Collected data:

=== Begin Enclosure ===

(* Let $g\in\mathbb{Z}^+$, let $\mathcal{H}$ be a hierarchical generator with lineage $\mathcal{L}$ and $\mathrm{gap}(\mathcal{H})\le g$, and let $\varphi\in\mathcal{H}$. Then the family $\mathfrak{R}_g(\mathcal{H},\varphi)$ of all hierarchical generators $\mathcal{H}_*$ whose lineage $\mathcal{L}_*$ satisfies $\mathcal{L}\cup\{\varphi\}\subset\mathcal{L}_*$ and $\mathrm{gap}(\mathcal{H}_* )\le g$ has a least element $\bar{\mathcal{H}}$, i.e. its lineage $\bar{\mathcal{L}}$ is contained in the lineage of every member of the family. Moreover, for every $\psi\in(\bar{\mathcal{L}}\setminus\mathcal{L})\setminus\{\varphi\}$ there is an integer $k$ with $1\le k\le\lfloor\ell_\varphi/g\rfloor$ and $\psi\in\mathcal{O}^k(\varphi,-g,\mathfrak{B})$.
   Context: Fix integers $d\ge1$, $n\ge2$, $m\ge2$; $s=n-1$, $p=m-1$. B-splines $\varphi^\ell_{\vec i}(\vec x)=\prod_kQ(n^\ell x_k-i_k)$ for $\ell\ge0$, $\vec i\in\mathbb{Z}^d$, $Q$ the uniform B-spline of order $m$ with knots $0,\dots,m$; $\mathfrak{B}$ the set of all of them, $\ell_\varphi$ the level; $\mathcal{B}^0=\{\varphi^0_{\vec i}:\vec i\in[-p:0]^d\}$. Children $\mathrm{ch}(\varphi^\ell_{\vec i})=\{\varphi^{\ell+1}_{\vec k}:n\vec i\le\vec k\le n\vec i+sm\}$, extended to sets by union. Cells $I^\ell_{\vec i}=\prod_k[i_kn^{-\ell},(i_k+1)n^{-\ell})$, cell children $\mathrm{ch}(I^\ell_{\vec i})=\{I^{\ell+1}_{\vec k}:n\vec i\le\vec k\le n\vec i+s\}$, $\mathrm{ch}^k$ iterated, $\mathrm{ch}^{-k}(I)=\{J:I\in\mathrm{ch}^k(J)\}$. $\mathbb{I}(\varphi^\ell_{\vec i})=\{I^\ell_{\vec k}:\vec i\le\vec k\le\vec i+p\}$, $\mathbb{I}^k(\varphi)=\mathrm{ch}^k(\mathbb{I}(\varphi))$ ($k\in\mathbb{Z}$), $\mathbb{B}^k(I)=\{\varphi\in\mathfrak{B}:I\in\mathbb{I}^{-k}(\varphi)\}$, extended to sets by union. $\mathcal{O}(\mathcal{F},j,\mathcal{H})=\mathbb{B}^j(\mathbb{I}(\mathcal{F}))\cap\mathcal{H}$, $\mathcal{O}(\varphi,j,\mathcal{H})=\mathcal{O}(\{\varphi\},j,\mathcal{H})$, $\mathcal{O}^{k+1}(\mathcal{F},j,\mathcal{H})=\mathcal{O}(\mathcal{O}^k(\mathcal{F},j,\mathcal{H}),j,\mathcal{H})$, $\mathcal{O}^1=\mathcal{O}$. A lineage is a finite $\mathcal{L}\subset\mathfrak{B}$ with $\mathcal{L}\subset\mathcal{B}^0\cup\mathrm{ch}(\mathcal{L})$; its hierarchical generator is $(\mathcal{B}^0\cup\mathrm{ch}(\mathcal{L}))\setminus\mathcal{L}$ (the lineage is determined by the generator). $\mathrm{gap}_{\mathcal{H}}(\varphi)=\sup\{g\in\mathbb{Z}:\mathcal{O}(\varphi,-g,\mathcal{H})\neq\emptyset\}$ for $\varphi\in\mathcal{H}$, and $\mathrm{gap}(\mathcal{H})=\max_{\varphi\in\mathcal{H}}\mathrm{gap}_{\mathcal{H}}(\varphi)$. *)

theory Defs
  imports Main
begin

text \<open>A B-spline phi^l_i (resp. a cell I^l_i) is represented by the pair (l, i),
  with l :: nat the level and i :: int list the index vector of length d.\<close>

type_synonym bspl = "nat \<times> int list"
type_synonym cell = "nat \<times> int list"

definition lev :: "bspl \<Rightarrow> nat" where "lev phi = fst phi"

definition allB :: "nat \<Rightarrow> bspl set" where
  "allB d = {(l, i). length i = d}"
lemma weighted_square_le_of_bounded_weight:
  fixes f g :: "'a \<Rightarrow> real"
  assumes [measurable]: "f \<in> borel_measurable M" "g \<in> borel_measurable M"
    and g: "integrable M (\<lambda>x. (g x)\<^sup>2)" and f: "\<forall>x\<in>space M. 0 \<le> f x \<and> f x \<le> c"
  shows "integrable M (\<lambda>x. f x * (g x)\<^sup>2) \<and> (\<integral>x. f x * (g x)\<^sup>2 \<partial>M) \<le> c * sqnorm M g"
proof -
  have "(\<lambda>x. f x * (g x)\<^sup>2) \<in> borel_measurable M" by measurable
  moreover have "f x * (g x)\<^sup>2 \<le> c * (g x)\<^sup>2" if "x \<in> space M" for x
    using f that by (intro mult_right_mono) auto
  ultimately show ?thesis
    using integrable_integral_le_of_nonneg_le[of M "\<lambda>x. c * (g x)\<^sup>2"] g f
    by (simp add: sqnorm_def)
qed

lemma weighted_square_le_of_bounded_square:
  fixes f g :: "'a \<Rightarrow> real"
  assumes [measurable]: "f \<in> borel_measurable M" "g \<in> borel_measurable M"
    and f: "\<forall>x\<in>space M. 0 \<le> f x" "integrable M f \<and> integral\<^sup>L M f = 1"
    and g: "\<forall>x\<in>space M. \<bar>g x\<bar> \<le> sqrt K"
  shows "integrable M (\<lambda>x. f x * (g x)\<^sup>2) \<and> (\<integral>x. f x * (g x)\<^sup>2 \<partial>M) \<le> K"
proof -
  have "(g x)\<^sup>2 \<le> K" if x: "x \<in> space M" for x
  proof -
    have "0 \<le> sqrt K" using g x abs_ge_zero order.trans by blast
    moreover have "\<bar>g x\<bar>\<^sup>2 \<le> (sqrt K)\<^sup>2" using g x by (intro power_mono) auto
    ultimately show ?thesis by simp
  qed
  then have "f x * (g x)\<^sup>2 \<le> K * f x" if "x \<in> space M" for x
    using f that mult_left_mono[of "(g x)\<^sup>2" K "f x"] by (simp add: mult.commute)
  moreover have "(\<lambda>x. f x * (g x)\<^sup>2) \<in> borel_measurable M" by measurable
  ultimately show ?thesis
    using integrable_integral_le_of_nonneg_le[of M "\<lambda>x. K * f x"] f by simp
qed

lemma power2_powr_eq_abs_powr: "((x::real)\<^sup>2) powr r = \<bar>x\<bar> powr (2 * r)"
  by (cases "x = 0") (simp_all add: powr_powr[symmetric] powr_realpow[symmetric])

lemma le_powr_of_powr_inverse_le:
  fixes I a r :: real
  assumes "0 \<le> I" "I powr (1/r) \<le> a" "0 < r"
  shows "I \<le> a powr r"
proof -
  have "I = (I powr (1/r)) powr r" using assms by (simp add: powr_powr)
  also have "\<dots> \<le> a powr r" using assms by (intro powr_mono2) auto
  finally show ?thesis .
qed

=== End Enclosure ===
=== Begin Enclosure ===

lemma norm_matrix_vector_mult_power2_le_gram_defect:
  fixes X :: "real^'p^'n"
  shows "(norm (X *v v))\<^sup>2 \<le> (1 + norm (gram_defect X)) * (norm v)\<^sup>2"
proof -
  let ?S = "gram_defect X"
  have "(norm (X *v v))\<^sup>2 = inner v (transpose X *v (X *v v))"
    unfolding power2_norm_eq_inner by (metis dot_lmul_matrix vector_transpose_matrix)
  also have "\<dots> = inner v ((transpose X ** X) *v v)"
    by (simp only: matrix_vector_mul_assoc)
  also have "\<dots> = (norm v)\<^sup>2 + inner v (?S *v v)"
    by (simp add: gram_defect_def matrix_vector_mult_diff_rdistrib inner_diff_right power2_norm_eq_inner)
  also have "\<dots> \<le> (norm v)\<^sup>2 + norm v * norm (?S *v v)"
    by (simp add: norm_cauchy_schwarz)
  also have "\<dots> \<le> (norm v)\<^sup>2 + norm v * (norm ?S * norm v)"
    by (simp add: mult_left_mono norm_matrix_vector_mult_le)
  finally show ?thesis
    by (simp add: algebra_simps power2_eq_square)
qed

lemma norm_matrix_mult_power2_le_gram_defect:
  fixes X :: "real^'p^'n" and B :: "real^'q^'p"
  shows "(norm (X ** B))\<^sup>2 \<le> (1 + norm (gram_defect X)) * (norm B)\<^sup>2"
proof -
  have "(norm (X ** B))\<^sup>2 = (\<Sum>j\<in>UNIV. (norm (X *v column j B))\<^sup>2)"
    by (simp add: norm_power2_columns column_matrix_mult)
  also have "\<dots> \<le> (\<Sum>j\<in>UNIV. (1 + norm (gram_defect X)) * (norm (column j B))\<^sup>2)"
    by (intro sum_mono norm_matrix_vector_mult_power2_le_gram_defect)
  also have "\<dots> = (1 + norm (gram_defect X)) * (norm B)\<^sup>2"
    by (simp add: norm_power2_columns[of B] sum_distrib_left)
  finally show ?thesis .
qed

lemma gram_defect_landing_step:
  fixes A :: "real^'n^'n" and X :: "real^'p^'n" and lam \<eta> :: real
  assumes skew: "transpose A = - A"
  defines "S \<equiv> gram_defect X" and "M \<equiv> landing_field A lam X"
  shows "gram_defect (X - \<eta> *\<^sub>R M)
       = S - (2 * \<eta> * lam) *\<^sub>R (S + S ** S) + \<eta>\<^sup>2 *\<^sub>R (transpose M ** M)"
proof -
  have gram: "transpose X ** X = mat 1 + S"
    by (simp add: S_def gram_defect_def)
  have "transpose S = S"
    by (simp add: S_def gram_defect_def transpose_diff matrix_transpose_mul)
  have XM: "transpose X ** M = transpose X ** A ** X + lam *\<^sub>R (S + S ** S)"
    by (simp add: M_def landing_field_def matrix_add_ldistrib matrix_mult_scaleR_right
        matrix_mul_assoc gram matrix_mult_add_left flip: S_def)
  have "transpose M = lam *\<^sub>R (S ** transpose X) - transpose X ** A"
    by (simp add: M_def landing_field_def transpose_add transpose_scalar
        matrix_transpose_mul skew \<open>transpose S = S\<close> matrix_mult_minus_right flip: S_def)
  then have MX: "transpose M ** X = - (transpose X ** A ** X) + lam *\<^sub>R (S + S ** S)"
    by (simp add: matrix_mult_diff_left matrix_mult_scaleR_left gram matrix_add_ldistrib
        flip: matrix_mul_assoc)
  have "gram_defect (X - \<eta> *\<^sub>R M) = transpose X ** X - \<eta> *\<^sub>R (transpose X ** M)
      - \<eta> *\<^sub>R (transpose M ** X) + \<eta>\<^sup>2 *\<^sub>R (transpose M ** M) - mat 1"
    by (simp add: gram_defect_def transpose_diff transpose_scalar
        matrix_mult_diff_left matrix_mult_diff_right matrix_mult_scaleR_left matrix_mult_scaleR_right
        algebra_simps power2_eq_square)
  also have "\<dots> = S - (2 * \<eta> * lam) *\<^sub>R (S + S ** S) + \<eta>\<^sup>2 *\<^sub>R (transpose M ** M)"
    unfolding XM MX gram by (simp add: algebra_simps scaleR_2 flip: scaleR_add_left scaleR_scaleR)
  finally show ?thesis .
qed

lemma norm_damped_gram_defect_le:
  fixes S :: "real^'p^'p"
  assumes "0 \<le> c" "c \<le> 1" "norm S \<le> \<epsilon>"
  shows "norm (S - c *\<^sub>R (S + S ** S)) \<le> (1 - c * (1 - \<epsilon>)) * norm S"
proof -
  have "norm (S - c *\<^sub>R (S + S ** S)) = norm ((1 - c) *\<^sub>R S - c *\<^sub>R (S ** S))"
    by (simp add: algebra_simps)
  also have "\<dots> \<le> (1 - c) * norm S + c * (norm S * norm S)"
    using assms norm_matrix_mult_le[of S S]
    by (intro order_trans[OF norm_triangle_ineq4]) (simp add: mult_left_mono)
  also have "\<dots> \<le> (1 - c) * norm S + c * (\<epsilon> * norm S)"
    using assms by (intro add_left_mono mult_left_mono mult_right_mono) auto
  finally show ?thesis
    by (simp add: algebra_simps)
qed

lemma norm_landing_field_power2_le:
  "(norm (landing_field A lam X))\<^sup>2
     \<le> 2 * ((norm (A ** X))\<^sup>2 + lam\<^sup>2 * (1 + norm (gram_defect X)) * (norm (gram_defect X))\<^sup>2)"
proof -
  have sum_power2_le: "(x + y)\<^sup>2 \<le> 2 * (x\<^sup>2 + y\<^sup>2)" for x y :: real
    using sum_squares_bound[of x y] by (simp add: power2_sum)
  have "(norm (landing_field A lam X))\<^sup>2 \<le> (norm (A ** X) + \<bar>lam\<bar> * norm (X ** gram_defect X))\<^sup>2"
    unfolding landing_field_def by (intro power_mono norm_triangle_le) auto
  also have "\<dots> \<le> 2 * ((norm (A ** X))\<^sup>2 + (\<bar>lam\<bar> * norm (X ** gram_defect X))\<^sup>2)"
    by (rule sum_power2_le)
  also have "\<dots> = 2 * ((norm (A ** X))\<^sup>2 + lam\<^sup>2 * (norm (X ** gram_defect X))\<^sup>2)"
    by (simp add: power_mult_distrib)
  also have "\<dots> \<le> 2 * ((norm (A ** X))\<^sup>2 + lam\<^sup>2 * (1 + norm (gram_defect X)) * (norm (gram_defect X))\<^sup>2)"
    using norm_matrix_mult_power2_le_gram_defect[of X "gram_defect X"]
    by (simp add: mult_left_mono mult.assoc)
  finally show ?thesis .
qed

=== End Enclosure ===

** Exercise aim **
Please return every line of the records that contains the word "allB".

** Response to this exercise **
definition allB :: "nat \<Rightarrow> bspl set" where
  "allB d = {(l, i). length i = d}"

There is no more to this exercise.